THE DATA:

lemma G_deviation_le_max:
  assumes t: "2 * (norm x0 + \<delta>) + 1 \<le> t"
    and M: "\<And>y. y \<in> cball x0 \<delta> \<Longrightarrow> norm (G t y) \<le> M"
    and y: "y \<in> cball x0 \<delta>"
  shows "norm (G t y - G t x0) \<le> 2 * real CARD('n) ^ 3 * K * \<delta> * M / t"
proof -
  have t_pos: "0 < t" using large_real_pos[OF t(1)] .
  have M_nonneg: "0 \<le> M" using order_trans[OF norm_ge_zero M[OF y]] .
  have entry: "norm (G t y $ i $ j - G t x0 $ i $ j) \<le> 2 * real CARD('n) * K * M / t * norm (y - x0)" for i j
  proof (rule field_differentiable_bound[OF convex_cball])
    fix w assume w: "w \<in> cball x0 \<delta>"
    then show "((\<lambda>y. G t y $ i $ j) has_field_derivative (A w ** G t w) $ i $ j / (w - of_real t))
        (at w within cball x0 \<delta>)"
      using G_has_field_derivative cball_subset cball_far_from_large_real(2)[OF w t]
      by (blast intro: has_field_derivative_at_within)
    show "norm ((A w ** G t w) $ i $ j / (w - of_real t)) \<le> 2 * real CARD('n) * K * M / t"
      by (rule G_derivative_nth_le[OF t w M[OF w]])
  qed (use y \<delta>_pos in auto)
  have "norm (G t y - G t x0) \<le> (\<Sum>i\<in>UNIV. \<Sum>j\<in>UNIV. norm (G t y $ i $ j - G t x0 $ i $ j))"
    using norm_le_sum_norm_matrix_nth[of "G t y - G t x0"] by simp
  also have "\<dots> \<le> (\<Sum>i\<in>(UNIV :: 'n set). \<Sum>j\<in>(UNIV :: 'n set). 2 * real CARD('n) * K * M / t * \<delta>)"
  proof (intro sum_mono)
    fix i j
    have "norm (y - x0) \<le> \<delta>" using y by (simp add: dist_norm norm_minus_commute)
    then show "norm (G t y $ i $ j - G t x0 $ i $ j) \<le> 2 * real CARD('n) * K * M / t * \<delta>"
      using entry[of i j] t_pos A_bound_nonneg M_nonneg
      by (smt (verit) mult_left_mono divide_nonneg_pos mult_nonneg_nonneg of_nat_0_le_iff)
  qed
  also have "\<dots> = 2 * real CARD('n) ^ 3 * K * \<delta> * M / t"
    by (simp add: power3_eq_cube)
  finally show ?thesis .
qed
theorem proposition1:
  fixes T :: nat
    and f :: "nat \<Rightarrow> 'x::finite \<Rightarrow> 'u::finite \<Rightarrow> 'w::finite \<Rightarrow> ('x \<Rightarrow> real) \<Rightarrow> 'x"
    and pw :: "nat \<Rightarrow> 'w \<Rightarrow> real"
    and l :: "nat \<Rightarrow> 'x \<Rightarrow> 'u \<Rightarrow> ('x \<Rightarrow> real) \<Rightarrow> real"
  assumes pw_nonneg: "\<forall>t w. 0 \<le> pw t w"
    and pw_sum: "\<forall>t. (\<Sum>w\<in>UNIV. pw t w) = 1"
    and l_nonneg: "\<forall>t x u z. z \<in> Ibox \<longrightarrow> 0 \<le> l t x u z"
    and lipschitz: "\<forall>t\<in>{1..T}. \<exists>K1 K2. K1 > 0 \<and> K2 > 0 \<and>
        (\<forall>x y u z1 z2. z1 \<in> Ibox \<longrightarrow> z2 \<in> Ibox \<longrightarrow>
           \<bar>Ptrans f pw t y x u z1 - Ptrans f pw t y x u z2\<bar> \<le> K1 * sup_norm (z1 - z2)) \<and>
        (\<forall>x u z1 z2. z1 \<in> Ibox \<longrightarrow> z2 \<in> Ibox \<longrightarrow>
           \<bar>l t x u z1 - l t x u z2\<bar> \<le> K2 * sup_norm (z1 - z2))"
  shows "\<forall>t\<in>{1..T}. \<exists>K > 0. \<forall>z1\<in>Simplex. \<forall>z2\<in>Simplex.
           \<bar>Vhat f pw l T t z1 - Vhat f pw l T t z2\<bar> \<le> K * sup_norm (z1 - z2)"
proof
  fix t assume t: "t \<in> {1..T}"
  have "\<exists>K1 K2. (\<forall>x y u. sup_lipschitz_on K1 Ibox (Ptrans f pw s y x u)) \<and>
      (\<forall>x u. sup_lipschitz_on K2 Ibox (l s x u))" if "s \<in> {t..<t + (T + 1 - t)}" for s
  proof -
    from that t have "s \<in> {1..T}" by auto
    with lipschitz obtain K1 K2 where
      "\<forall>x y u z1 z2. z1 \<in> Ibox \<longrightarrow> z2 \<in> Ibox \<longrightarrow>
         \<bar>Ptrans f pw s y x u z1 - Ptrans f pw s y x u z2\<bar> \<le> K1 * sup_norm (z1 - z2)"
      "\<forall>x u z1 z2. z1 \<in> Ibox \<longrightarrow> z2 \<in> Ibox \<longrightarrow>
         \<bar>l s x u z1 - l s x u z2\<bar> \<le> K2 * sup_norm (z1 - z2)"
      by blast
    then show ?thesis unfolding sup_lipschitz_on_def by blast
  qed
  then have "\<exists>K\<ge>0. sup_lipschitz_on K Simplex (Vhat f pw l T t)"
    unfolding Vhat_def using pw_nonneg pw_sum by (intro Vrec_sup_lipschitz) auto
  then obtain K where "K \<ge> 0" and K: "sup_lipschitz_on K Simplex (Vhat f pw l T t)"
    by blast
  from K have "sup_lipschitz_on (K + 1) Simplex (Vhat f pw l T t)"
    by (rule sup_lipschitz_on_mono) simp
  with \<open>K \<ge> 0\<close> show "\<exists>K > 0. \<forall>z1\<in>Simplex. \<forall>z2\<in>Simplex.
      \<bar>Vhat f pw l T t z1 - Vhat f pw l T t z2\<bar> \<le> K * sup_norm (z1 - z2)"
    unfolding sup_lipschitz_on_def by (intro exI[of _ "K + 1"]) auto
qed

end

==

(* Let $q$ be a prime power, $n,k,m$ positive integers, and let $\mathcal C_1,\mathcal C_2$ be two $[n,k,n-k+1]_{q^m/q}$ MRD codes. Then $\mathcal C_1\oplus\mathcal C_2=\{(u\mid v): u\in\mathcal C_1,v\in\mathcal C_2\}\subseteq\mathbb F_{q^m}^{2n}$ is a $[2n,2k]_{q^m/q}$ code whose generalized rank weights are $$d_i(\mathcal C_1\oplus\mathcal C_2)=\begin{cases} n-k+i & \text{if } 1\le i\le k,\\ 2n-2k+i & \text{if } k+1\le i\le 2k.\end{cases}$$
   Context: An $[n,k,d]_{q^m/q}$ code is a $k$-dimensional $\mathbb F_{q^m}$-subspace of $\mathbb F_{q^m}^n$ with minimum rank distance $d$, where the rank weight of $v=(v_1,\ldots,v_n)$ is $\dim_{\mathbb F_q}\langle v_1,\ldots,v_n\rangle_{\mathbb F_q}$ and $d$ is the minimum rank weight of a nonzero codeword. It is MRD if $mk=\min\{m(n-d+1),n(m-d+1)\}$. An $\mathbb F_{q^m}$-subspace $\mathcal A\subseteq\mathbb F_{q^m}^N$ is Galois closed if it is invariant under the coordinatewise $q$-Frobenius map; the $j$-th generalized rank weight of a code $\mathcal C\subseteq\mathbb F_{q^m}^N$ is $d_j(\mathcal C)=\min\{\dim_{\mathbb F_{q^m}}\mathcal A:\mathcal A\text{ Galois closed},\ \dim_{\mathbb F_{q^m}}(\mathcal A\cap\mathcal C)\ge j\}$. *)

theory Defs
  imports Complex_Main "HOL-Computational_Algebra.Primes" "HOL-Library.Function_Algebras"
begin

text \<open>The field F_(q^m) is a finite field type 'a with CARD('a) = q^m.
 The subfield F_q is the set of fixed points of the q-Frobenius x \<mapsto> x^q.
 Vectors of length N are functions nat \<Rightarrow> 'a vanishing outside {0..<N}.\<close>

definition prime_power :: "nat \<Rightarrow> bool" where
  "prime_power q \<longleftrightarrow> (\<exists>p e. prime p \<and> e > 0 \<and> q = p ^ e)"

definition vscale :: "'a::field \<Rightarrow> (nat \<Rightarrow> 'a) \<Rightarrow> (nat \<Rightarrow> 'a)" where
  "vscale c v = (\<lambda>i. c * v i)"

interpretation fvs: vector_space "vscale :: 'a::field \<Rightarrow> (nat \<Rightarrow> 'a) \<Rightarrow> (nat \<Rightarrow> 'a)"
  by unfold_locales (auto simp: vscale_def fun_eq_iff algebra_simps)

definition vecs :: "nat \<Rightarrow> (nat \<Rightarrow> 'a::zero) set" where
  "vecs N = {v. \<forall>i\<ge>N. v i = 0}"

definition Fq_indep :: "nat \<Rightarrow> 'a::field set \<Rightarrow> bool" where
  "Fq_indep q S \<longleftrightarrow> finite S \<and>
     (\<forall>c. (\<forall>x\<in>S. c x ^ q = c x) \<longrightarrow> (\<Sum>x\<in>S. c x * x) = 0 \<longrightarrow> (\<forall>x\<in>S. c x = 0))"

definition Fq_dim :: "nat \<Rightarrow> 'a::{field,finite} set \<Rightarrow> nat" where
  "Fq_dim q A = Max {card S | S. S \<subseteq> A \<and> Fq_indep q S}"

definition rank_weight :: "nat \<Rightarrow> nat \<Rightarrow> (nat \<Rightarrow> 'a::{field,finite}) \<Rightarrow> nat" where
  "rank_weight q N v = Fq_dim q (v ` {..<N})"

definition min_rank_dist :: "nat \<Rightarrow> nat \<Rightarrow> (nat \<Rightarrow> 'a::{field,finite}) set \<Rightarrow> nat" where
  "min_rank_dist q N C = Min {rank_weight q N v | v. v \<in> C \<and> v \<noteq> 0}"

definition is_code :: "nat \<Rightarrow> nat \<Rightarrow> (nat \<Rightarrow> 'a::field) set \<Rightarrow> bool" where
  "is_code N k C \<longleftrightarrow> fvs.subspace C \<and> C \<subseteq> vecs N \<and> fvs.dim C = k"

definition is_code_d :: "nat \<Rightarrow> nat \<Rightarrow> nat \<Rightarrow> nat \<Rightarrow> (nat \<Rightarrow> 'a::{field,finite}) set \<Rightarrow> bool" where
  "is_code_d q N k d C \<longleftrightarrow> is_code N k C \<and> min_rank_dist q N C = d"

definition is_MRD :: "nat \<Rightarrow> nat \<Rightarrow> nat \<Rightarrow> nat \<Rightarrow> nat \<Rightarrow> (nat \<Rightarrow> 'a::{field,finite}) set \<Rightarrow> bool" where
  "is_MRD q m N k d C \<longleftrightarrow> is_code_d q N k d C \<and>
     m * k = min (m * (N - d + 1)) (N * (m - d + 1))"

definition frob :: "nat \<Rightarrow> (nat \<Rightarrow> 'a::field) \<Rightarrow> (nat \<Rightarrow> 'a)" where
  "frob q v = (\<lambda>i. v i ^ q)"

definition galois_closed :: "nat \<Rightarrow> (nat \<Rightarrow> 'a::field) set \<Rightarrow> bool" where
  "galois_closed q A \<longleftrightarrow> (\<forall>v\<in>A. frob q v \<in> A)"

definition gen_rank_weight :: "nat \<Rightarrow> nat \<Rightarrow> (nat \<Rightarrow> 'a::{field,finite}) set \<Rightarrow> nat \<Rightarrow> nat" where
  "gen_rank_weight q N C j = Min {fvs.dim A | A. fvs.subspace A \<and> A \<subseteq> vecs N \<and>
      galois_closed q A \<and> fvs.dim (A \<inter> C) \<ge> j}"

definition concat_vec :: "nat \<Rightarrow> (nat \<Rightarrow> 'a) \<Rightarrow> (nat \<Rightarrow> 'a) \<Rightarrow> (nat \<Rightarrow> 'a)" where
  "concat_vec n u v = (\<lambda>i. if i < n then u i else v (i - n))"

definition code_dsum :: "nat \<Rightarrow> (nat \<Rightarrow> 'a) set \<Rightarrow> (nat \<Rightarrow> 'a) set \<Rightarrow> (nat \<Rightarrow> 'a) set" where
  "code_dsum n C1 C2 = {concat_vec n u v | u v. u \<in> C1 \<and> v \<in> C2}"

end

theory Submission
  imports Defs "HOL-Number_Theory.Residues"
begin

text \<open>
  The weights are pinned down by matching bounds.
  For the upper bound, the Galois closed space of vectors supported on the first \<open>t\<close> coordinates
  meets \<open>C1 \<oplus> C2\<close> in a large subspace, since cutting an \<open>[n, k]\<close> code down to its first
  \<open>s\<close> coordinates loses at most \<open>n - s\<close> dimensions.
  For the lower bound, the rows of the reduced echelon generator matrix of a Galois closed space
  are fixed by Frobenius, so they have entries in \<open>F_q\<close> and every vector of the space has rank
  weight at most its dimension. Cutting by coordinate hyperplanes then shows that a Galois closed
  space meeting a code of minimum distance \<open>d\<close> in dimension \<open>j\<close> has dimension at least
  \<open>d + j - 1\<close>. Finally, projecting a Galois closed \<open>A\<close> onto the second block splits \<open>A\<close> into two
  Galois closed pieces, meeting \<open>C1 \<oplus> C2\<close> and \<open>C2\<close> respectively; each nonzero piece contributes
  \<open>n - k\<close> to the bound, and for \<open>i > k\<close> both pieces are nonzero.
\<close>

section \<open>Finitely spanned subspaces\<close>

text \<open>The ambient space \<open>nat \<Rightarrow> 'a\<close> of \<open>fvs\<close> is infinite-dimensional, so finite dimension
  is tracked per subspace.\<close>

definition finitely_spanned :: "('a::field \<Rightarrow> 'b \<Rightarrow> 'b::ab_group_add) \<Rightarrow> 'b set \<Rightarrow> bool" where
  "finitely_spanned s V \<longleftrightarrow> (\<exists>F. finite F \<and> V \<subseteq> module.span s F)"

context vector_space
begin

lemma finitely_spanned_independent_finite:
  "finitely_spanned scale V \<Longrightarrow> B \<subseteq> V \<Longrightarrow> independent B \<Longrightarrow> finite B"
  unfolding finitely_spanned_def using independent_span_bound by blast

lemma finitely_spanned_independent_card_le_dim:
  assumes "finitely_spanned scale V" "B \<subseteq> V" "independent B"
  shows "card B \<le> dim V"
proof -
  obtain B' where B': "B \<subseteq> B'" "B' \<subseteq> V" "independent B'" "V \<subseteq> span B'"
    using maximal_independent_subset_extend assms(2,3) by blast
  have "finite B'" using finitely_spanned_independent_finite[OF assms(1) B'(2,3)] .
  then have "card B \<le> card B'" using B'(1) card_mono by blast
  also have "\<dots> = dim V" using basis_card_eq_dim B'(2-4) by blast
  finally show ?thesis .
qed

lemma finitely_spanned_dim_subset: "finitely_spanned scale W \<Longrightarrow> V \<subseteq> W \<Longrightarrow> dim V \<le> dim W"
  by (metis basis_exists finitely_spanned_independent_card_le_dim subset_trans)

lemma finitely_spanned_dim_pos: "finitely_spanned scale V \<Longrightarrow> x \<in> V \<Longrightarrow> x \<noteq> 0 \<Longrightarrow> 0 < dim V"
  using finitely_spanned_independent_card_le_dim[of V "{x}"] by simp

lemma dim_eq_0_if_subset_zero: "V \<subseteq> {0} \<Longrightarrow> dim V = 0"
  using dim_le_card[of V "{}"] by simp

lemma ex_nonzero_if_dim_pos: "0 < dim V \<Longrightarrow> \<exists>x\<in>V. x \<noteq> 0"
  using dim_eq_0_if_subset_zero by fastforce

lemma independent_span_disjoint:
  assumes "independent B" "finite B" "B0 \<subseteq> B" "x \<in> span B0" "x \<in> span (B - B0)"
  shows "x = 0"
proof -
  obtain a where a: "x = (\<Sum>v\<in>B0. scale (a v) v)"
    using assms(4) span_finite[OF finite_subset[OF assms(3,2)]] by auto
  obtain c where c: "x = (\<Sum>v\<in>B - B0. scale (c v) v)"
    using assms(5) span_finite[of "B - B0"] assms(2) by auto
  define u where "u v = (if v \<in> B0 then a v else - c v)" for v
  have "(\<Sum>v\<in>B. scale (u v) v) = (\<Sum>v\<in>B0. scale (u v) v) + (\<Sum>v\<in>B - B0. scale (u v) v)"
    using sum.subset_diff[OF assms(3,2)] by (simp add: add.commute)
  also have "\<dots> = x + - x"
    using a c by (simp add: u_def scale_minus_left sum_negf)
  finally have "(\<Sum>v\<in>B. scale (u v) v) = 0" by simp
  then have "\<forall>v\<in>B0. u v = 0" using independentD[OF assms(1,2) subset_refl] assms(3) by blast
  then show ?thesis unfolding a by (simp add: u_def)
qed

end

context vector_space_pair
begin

TO DO: Please give an exact copy of the lines above, beginning with the line containing "(\<forall>x u z1" and running through the line containing "with \<open>K \<ge>", and of no other lines.

SOLUTION TO THE EXERCISE:
        (\<forall>x u z1 z2. z1 \<in> Ibox \<longrightarrow> z2 \<in> Ibox \<longrightarrow>
           \<bar>l t x u z1 - l t x u z2\<bar> \<le> K2 * sup_norm (z1 - z2))"
  shows "\<forall>t\<in>{1..T}. \<exists>K > 0. \<forall>z1\<in>Simplex. \<forall>z2\<in>Simplex.
           \<bar>Vhat f pw l T t z1 - Vhat f pw l T t z2\<bar> \<le> K * sup_norm (z1 - z2)"
proof
  fix t assume t: "t \<in> {1..T}"
  have "\<exists>K1 K2. (\<forall>x y u. sup_lipschitz_on K1 Ibox (Ptrans f pw s y x u)) \<and>
      (\<forall>x u. sup_lipschitz_on K2 Ibox (l s x u))" if "s \<in> {t..<t + (T + 1 - t)}" for s
  proof -
    from that t have "s \<in> {1..T}" by auto
    with lipschitz obtain K1 K2 where
      "\<forall>x y u z1 z2. z1 \<in> Ibox \<longrightarrow> z2 \<in> Ibox \<longrightarrow>
         \<bar>Ptrans f pw s y x u z1 - Ptrans f pw s y x u z2\<bar> \<le> K1 * sup_norm (z1 - z2)"
      "\<forall>x u z1 z2. z1 \<in> Ibox \<longrightarrow> z2 \<in> Ibox \<longrightarrow>
         \<bar>l s x u z1 - l s x u z2\<bar> \<le> K2 * sup_norm (z1 - z2)"
      by blast
    then show ?thesis unfolding sup_lipschitz_on_def by blast
  qed
  then have "\<exists>K\<ge>0. sup_lipschitz_on K Simplex (Vhat f pw l T t)"
    unfolding Vhat_def using pw_nonneg pw_sum by (intro Vrec_sup_lipschitz) auto
  then obtain K where "K \<ge> 0" and K: "sup_lipschitz_on K Simplex (Vhat f pw l T t)"
    by blast
  from K have "sup_lipschitz_on (K + 1) Simplex (Vhat f pw l T t)"
    by (rule sup_lipschitz_on_mono) simp
  with \<open>K \<ge> 0\<close> show "\<exists>K > 0. \<forall>z1\<in>Simplex. \<forall>z2\<in>Simplex.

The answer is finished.